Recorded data
_ _ _ _ _

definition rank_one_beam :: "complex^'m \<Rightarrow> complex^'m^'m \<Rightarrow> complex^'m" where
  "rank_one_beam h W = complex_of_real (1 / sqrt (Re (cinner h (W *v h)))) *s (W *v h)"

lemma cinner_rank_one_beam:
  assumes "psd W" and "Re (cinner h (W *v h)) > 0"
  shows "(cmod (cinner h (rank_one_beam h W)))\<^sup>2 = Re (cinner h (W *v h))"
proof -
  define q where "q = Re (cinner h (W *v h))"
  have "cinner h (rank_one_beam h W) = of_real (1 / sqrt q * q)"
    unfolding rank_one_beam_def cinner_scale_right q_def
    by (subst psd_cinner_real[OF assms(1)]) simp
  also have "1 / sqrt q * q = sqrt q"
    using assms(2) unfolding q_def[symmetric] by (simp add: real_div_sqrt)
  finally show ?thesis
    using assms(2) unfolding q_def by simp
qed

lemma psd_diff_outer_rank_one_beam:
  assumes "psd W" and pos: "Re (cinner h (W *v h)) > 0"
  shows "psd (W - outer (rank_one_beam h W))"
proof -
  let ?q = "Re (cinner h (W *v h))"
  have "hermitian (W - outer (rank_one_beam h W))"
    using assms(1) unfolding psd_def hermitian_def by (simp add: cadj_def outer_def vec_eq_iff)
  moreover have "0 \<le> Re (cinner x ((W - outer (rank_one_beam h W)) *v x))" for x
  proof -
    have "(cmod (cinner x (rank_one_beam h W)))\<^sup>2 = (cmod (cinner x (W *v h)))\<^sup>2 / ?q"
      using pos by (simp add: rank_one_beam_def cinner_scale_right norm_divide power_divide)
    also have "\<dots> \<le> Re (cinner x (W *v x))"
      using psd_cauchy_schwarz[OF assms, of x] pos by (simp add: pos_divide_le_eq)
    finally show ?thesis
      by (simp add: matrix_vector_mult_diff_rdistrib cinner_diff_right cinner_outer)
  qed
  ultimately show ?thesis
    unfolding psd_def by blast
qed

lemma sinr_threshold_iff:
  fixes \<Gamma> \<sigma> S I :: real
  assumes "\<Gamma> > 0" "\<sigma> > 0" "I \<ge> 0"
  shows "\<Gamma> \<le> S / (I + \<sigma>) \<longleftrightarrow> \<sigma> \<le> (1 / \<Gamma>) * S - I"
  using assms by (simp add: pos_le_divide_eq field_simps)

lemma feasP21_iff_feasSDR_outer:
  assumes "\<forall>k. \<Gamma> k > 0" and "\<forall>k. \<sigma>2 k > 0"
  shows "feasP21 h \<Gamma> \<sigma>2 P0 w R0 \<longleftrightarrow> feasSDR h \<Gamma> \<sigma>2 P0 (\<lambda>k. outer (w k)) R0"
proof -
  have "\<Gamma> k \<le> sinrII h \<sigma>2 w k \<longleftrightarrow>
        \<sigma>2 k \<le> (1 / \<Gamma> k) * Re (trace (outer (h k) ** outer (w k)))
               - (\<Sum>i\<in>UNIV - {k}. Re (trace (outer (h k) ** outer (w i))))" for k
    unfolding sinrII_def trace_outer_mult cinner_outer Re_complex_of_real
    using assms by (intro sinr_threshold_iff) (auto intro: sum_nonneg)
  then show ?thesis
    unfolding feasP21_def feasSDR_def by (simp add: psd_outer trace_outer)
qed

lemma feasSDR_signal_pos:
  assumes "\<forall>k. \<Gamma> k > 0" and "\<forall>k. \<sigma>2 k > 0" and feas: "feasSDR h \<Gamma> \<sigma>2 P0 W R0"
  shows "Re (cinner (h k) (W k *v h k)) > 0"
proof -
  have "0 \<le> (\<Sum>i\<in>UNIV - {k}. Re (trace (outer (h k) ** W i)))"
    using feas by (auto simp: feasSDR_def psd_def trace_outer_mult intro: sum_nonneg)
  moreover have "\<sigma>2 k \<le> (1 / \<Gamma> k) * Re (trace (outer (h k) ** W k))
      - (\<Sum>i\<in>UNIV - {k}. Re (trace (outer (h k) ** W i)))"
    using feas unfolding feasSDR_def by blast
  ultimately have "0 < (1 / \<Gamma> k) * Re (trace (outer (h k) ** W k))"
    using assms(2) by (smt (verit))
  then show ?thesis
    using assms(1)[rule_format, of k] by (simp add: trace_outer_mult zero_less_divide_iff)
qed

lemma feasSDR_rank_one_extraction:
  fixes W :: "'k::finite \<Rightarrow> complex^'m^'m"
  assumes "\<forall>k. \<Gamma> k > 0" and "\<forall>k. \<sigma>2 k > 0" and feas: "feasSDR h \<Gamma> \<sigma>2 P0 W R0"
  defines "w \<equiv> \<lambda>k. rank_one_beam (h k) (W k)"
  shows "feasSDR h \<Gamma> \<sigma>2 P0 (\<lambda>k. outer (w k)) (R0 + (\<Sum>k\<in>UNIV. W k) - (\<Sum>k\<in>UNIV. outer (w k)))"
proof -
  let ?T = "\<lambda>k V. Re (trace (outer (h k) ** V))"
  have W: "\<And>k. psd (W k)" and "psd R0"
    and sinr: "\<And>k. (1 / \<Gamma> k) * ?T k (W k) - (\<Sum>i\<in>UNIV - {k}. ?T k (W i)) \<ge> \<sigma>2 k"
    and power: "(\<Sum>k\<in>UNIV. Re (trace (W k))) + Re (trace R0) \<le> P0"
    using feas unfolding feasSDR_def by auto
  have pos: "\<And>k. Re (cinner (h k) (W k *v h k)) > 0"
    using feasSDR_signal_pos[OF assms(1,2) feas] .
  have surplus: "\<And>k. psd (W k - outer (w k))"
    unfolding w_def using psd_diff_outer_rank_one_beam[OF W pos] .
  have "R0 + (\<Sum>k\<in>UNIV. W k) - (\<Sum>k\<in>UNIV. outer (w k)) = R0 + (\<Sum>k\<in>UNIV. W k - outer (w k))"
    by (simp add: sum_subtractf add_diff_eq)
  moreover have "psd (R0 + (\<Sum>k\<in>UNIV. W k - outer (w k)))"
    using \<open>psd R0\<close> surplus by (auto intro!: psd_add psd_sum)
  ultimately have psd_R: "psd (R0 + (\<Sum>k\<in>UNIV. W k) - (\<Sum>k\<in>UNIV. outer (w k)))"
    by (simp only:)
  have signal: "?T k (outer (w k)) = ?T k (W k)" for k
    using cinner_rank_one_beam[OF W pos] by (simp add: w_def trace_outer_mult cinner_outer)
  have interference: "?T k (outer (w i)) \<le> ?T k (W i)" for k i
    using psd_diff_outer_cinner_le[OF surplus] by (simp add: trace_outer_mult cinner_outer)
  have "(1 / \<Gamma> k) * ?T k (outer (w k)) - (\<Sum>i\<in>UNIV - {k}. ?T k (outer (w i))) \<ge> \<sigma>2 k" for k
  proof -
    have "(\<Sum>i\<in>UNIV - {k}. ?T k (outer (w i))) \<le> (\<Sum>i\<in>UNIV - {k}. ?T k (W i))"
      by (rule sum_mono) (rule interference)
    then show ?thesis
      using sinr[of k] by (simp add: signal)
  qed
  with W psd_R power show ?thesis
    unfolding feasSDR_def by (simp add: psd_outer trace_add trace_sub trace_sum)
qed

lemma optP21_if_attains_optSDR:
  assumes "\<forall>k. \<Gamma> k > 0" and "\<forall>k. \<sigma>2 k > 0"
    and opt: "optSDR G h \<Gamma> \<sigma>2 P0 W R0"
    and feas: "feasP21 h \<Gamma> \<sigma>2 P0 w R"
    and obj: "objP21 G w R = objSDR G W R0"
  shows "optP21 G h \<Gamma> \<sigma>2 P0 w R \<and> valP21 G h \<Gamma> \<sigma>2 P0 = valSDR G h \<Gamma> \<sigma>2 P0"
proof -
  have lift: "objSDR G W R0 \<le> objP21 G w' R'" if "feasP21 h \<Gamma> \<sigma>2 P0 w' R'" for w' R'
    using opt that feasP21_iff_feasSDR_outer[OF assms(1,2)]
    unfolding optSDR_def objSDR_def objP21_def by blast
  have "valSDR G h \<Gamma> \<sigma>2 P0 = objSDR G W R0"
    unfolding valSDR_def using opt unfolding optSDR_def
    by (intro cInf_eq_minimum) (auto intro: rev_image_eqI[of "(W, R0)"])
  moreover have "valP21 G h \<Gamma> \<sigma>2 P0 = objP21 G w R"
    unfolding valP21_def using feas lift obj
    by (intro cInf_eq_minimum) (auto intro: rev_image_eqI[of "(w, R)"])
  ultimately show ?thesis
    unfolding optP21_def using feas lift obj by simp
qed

_ _ _ _ _

* WHAT YOU HAVE TO DO
Could you quote, exactly as they appear, the line containing "unfolding optP21_def using" and every line after it to the end of the records above?

* RESPONSE AREA
    unfolding optP21_def using feas lift obj by simp
qed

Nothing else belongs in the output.